For me, Chicago was always a ‘why not?’ destination, instead of a ‘YES!’ destination. I stressed about the cold, the snow and the ice; wondered how people were able to go out and perform daily functions, such as commuting to work and grocery shopping in the middle of blizzards. I had little idea how I’d manage living in a climate vastly different to what I was used to, but I was willing to give it a red hot go.

Initially, I found the city abrupt and unforgiving and it appeared the feeling was mutual. But I gave it some time, and before I knew it the city grew on me. It grew on me far more than I could have every imagined. I made myself a life in yet another new city, learned to dress for (and deal with!) the cold and make new friends. I dove into the freshwater Lake Michigan, ran down the Lakefront trail and visited the animals at the free Lincoln Park Zoo only five-minute walk from my apartment. I spent nights at Kingston Mines, afternoons learning yoga, and weekends playing netball and watching baseball. I went to museums, navigated the public transport and spent countless hours wandering Lincoln Park to photograph the row houses. And after surviving the Polar Vortex, I can survive anything that’s thrown my way!

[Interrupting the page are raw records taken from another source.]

(* The Open CbNeed reduction $\to_{\mathrm{ond}}$ on programs is deterministic: if $p\to_{\mathrm{ond}} q$ and $p\to_{\mathrm{ond}} q'$ then $q=q'$ (up to $\alpha$-renaming).
   Context: Syntax (split presentation). Terms: $t,u,s ::= x \mid \lambda x.t \mid t\,u$. Values: $v ::= \lambda x.t$ (variables are not values). Environments: $E ::= \epsilon \mid E[x\leftarrow t]$. Programs: $p ::= (t,E)$. In $E[x\leftarrow t]$ and $(u,E[x\leftarrow t])$ the variable $x$ is bound in $E$ and $u$; everything is up to $\alpha$-renaming, appended ES bind fresh variables. Appending: $(t,E)@[x\leftarrow u] := (t,E[x\leftarrow u])$. Inert terms and fireballs: $i ::= x \mid i\,f$, $f ::= v \mid i$. Open term evaluation contexts: $\mathcal{H} ::= \langle\cdot\rangle \mid \mathcal{H}\,t \mid i\,\mathcal{H}$. Term contexts: $C ::= \langle\cdot\rangle \mid C\,t \mid t\,C$. Environment contexts: $G ::= E[x\leftarrow C] \mid G[x\leftarrow u]$. Program contexts: $P ::= (C,E) \mid (t,G)$, with $(C,E)@[x\leftarrow u] := (C,E[x\leftarrow u])$, $(t,G)@[x\leftarrow u] := (t,G[x\leftarrow u])$. Plugging: $(C,E)\langle (t,E')\rangle := (C\langle t\rangle, E'E)$; $(u,E[x\leftarrow C])\langle (t,E')\rangle := (u, E[x\leftarrow C\langle t\rangle]E')$; $(u,G[x\leftarrow s])\langle (t,E)\rangle := ((u,G)\langle(t,E)\rangle)@[x\leftarrow s]$; $P\langle t\rangle := P\langle (t,\epsilon)\rangle$. For $p=(t,E)$, $p@[x\leftarrow\mathcal{H}]$ denotes the program context $(t,E[x\leftarrow\mathcal{H}])$. Look-up $P(x)$: $P(x)=t$ if the list of ES of $P$ contains $[x\leftarrow t]$ with $t$ a term, and $P(x)=\bot$ otherwise. $v^{\alpha}$ denotes a copy of $v$ with bound variables renamed to fresh ones. Needed variables: $nv(x)=\{x\}$, $nv(\lambda x.t)=\emptyset$, $nv(t\,u)=nv(t)\cup nv(u)$; $nv((t,\epsilon))=nv(t)$, $nv((t,E[x\leftarrow u]))=nv((t,E))$ if $x\notin nv((t,E))$, else $(nv((t,E))\setminus\{x\})\cup nv(u)$; $nv(\langle\cdot\rangle)=\emptyset$, $nv(\mathcal{H}\,t)=nv(\mathcal{H})$, $nv(i\,\mathcal{H})=nv(i)\cup nv(\mathcal{H})$. Open evaluation contexts $P\in\mathcal{E}_{{\mathcal{V}}}$, inductively: $(\mathcal{H},\epsilon)\in\mathcal{E}_{nv(\mathcal{H})}$; if $P\in\mathcal{E}_{{\mathcal{V}}}$, $x\in{\mathcal{V}}$, $i$ inert then $P@[x\leftarrow i]\in\mathcal{E}_{({\mathcal{V}}\setminus\{x\})\cup nv(i)}$; if $P\in\mathcal{E}_{{\mathcal{V}}}$, $x\notin{\mathcal{V}}$ then $P@[x\leftarrow t]\in\mathcal{E}_{{\mathcal{V}}}$; if $P\in\mathcal{E}_{{\mathcal{V}}}$, $x\notin{\mathcal{V}}$ then $P\langle x\rangle@[x\leftarrow\mathcal{H}]\in\mathcal{E}_{{\mathcal{V}}\cup nv(\mathcal{H})}$ ($x$ not in the domain of $P$). Open CbNeed rules, for $P\in\mathcal{E}_{{\mathcal{V}}}$ for some ${\mathcal{V}}$: $P\langle(\lambda x.t)u\rangle \to_{\mathrm{om}} P\langle (t,[x\leftarrow u])\rangle$; $P\langle x\rangle\to_{\mathrm{oe}} P\langle v^{\alpha}\rangle$ if $P(x)=v$. $\to_{\mathrm{ond}} := \to_{\mathrm{om}}\cup\to_{\mathrm{oe}}$. *)

theory Defs
  imports Main
begin

type_synonym var = nat

datatype trm = Var var | Lam var trm | App trm trm

text \<open>Environments: E[x<-t] is represented as E @ [(x,t)], i.e. the LAST element
  of the list is the outermost explicit substitution.  Programs are pairs (t,E).\<close>
type_synonym env = "(var \<times> trm) list"
type_synonym prog = "trm \<times> env"

fun is_value :: "trm \<Rightarrow> bool" where
  "is_value (Lam x t) = True"
| "is_value _ = False"

fun inert :: "trm \<Rightarrow> bool" where
  "inert (Var x) = True"
| "inert (App i f) = (inert i \<and> (is_value f \<or> inert f))"
| "inert (Lam x t) = False"

fun fv :: "trm \<Rightarrow> var set" where
  "fv (Var x) = {x}"
| "fv (Lam x t) = fv t - {x}"
| "fv (App t u) = fv t \<union> fv u"

fun bvars :: "trm \<Rightarrow> var list" where
  "bvars (Var x) = []"
| "bvars (Lam x t) = x # bvars t"
| "bvars (App t u) = bvars t @ bvars u"

fun names :: "trm \<Rightarrow> var set" where
  "names (Var x) = {x}"
| "names (Lam x t) = insert x (names t)"
| "names (App t u) = names t \<union> names u"

text \<open>free variables of a program, computed on the reversed environment (outermost first)\<close>
fun fvR :: "trm \<Rightarrow> env \<Rightarrow> var set" where
  "fvR t [] = fv t"
| "fvR t ((x,s) # R) = (fvR t R - {x}) \<union> fv s"

definition fvp :: "prog \<Rightarrow> var set" where
  "fvp p = fvR (fst p) (rev (snd p))"

definition pbinders :: "prog \<Rightarrow> var list" where
  "pbinders p = bvars (fst p) @ concat (map (\<lambda>(x,s). x # bvars s) (snd p))"

definition pnames :: "prog \<Rightarrow> var set" where
  "pnames p = names (fst p) \<union> (\<Union>(x,s)\<in>set (snd p). insert x (names s))"

definition well_named :: "prog \<Rightarrow> bool" where
  "well_named p = (distinct (pbinders p) \<and> set (pbinders p) \<inter> fvp p = {})"

fun alv :: "(var \<times> var) list \<Rightarrow> var \<Rightarrow> var \<Rightarrow> bool" where
  "alv [] x y = (x = y)"
| "alv ((a,b) # G) x y = (if x = a \<or> y = b then x = a \<and> y = b else alv G x y)"

fun alphaT :: "(var \<times> var) list \<Rightarrow> trm \<Rightarrow> trm \<Rightarrow> bool" where
  "alphaT G (Var x) (Var y) = alv G x y"
| "alphaT G (Lam x t) (Lam y u) = alphaT ((x,y) # G) t u"
| "alphaT G (App t1 t2) (App u1 u2) = (alphaT G t1 u1 \<and> alphaT G t2 u2)"
| "alphaT G _ _ = False"

text \<open>In (u, E[x<-s]) the variable x is bound in E and u (not in s).  The function
  works on reversed environments (outermost ES first).\<close>
fun alphaR :: "(var \<times> var) list \<Rightarrow> trm \<Rightarrow> trm \<Rightarrow> env \<Rightarrow> env \<Rightarrow> bool" where
  "alphaR G t u [] [] = alphaT G t u"
| "alphaR G t u ((x,s) # R) ((y,s') # R') = (alphaT G s s' \<and> alphaR ((x,y) # G) t u R R')"
| "alphaR G t u _ _ = False"

definition alpha_trm :: "trm \<Rightarrow> trm \<Rightarrow> bool" where
  "alpha_trm t u = alphaT [] t u"

definition alpha_prog :: "prog \<Rightarrow> prog \<Rightarrow> bool" where
  "alpha_prog p q = alphaR [] (fst p) (fst q) (rev (snd p)) (rev (snd q))"

datatype ctx = Hole | CAppL ctx trm | CAppR trm ctx

fun plugc :: "ctx \<Rightarrow> trm \<Rightarrow> trm" where
  "plugc Hole t = t"
| "plugc (CAppL C u) t = App (plugc C t) u"
| "plugc (CAppR u C) t = App u (plugc C t)"

fun is_H :: "ctx \<Rightarrow> bool" where
  "is_H Hole = True"
| "is_H (CAppL H t) = is_H H"
| "is_H (CAppR i H) = (inert i \<and> is_H H)"

fun nv :: "trm \<Rightarrow> var set" where
  "nv (Var x) = {x}"
| "nv (Lam x t) = {}"
| "nv (App t u) = nv t \<union> nv u"

fun nvC :: "ctx \<Rightarrow> var set" where
  "nvC Hole = {}"
| "nvC (CAppL H t) = nvC H"
| "nvC (CAppR i H) = nv i \<union> nvC H"

text \<open>Program contexts: PCt C E is (C,E);  PCe u E1 x C E2 is (u, E1[x<-C]E2),
  i.e. the environment context G = E1[x<-C] followed by the ES of E2.\<close>
datatype pctx = PCt ctx env | PCe trm env var ctx env

fun pplug :: "pctx \<Rightarrow> prog \<Rightarrow> prog" where
  "pplug (PCt C E) (t, E') = (plugc C t, E' @ E)"
| "pplug (PCe u E1 x C E2) (t, E') = (u, E1 @ [(x, plugc C t)] @ E' @ E2)"

definition pplugt :: "pctx \<Rightarrow> trm \<Rightarrow> prog" where
  "pplugt P t = pplug P (t, [])"

fun papp :: "pctx \<Rightarrow> var \<Rightarrow> trm \<Rightarrow> pctx" where
  "papp (PCt C E) x u = PCt C (E @ [(x,u)])"
| "papp (PCe t E1 y C E2) x u = PCe t E1 y C (E2 @ [(x,u)])"

text \<open>p@[x<-H] for a program p = (t,E) is the program context (t, E[x<-H]).\<close>
fun papp_ctx :: "prog \<Rightarrow> var \<Rightarrow> ctx \<Rightarrow> pctx" where
  "papp_ctx (t, E) x H = PCe t E x H []"

fun pdom :: "pctx \<Rightarrow> var set" where
  "pdom (PCt C E) = fst ` set E"
| "pdom (PCe u E1 y C E2) = fst ` set E1 \<union> {y} \<union> fst ` set E2"

text \<open>Look-up P(x): the term t such that [x<-t] is among the ES of P (None = bottom).\<close>
fun plookup :: "pctx \<Rightarrow> var \<Rightarrow> trm option" where
  "plookup (PCt C E) x = map_of E x"
| "plookup (PCe u E1 y C E2) x = map_of (E1 @ E2) x"

inductive evctx :: "pctx \<Rightarrow> var set \<Rightarrow> bool" where
  ev_base: "is_H H \<Longrightarrow> evctx (PCt H []) (nvC H)"
| ev_inert: "\<lbrakk>evctx P V; x \<in> V; inert i; x \<notin> pdom P\<rbrakk>
      \<Longrightarrow> evctx (papp P x i) ((V - {x}) \<union> nv i)"
| ev_skip: "\<lbrakk>evctx P V; x \<notin> V; x \<notin> pdom P\<rbrakk> \<Longrightarrow> evctx (papp P x t) V"
| ev_hered: "\<lbrakk>evctx P V; x \<notin> V; is_H H; x \<notin> pdom P\<rbrakk>
      \<Longrightarrow> evctx (papp_ctx (pplugt P (Var x)) x H) (V \<union> nvC H)"

inductive ond_raw :: "prog \<Rightarrow> prog \<Rightarrow> bool" where
  om: "\<lbrakk>evctx P V; well_named (pplugt P (App (Lam x t) u))\<rbrakk>
      \<Longrightarrow> ond_raw (pplugt P (App (Lam x t) u)) (pplug P (t, [(x, u)]))"
| oe: "\<lbrakk>evctx P V; well_named (pplugt P (Var x)); plookup P x = Some v; is_value v;
        alpha_trm v v'; set (bvars v') \<inter> pnames (pplugt P (Var x)) = {}\<rbrakk>
      \<Longrightarrow> ond_raw (pplugt P (Var x)) (pplugt P v')"

definition ond :: "prog \<Rightarrow> prog \<Rightarrow> bool" where
  "ond p q = (\<exists>p0 q0. alpha_prog p p0 \<and> ond_raw p0 q0 \<and> alpha_prog q0 q)"

end

(* Raw steps act on well-named representatives, and on such a program the decomposition P<r> into an
   open evaluation context and a redex (a beta-redex, or a variable bound in P to a value) is unique:
   by induction on the two evaluation contexts, two different decompositions force one redex to be a
   variable that the other context needs, whereas needed variables are never bound by the context.
   Hence raw steps are deterministic up to the renaming of the copied value. To pass to programs up to
   alpha, two well-named alpha-equivalent programs are related by a bijective renaming fixing their
   free variables; raw steps commute with such renamings, and since steps create no free variables,
   renaming the reduct only changes it up to alpha. *)

theory Submission
  imports Defs "HOL-Combinatorics.Transposition"
begin

section \<open>Alpha-equivalence is a congruence\<close>

lemma alv_Cons_iff [simp]:
  "alv ((a, b) # G) x y \<longleftrightarrow> x = a \<and> y = b \<or> x \<noteq> a \<and> y \<noteq> b \<and> alv G x y"
  by simp

declare alv.simps(2) [simp del]

lemma alv_swap: "alv G x y \<Longrightarrow> alv (map prod.swap G) y x"
  by (induction G) auto

lemma alphaT_swap: "alphaT G t u \<Longrightarrow> alphaT (map prod.swap G) u t"
  by (induction G t u rule: alphaT.induct) (auto intro: alv_swap)

lemma alphaR_swap: "alphaR G t u R R' \<Longrightarrow> alphaR (map prod.swap G) u t R' R"
  by (induction G t u R R' rule: alphaR.induct) (auto intro: alphaT_swap)

lemma alv_trans:
  "map snd G1 = map fst G2 \<Longrightarrow> alv G1 x y \<Longrightarrow> alv G2 y z \<Longrightarrow> alv (zip (map fst G1) (map snd G2)) x z"
proof (induction G1 arbitrary: G2)
  case (Cons p G1)
  then obtain a b c G2' where "p = (a, b)" "G2 = (b, c) # G2'" "map snd G1 = map fst G2'"
    by (cases p; cases G2) auto
  with Cons show ?case by auto
qed simp

lemma alphaT_trans:
  "alphaT G1 t u \<Longrightarrow> alphaT G2 u w \<Longrightarrow> map snd G1 = map fst G2
    \<Longrightarrow> alphaT (zip (map fst G1) (map snd G2)) t w"
proof (induction G1 t u arbitrary: G2 w rule: alphaT.induct)
  case (1 G x y)
  then show ?case by (cases w) (auto intro: alv_trans)
next
  case (2 G x t y u)
  then obtain z w' where "w = Lam z w'" "alphaT ((y, z) # G2) u w'"
    by (cases w) auto
  with "2.IH"[of "(y, z) # G2" w'] "2.prems" show ?case by simp
next
  case (3 G t1 t2 u1 u2)
  then show ?case by (cases w) auto
qed auto

lemma alphaR_trans:
  "alphaR G1 t u R1 R2 \<Longrightarrow> alphaR G2 u w R2 R3 \<Longrightarrow> map snd G1 = map fst G2
    \<Longrightarrow> alphaR (zip (map fst G1) (map snd G2)) t w R1 R3"
proof (induction G1 t u R1 R2 arbitrary: G2 R3 rule: alphaR.induct)
  case (1 G t u)
  then show ?case by (cases R3) (auto intro: alphaT_trans)
next
  case (2 G t u x s R y s' R')
  then obtain z s'' R3' where "R3 = (z, s'') # R3'" "alphaT G2 s' s''" "alphaR ((y, z) # G2) u w R' R3'"
    by (cases R3) auto
  with "2.IH"[of "(y, z) # G2" R3'] "2.prems" show ?case by (auto intro: alphaT_trans)
qed auto

lemma alpha_trm_sym: "alpha_trm t u \<Longrightarrow> alpha_trm u t"
  unfolding alpha_trm_def using alphaT_swap[of "[]"] by simp

lemma alpha_trm_trans: "alpha_trm t u \<Longrightarrow> alpha_trm u w \<Longrightarrow> alpha_trm t w"
  unfolding alpha_trm_def using alphaT_trans[of "[]" _ _ "[]"] by simp

lemma alpha_prog_sym: "alpha_prog p q \<Longrightarrow> alpha_prog q p"
  unfolding alpha_prog_def using alphaR_swap[of "[]"] by simp

lemma alpha_prog_trans: "alpha_prog p q \<Longrightarrow> alpha_prog q r \<Longrightarrow> alpha_prog p r"
  unfolding alpha_prog_def using alphaR_trans[of "[]" _ _ _ _ "[]"] by simp

lemma alv_Id: "set G \<subseteq> Id \<Longrightarrow> alv G x y \<longleftrightarrow> x = y"
  by (induction G) auto

lemma alv_append_Id: "set G' \<subseteq> Id \<Longrightarrow> alv (G @ G') x y \<longleftrightarrow> alv G x y"
  by (induction G) (auto simp: alv_Id)

lemma alphaT_append_Id: "alphaT G t u \<Longrightarrow> set G' \<subseteq> Id \<Longrightarrow> alphaT (G @ G') t u"
  by (induction G t u rule: alphaT.induct) (auto simp: alv_append_Id)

The people are what make Chicago extra-special

I encountered wonderful people in Chicago — real, like-minded people — who were so friendly and welcoming of me. These are the kind of people who stop you on the train to tell you that you’re looking good, those who say what they think and those who love a laugh. After those initial tough first weeks, it was like a giant hug from the Midwest acknowledging that it was glad I was here. I feel indebted to the great people I met at #703 and the Chicago Netball Club and who made my experience so memorable.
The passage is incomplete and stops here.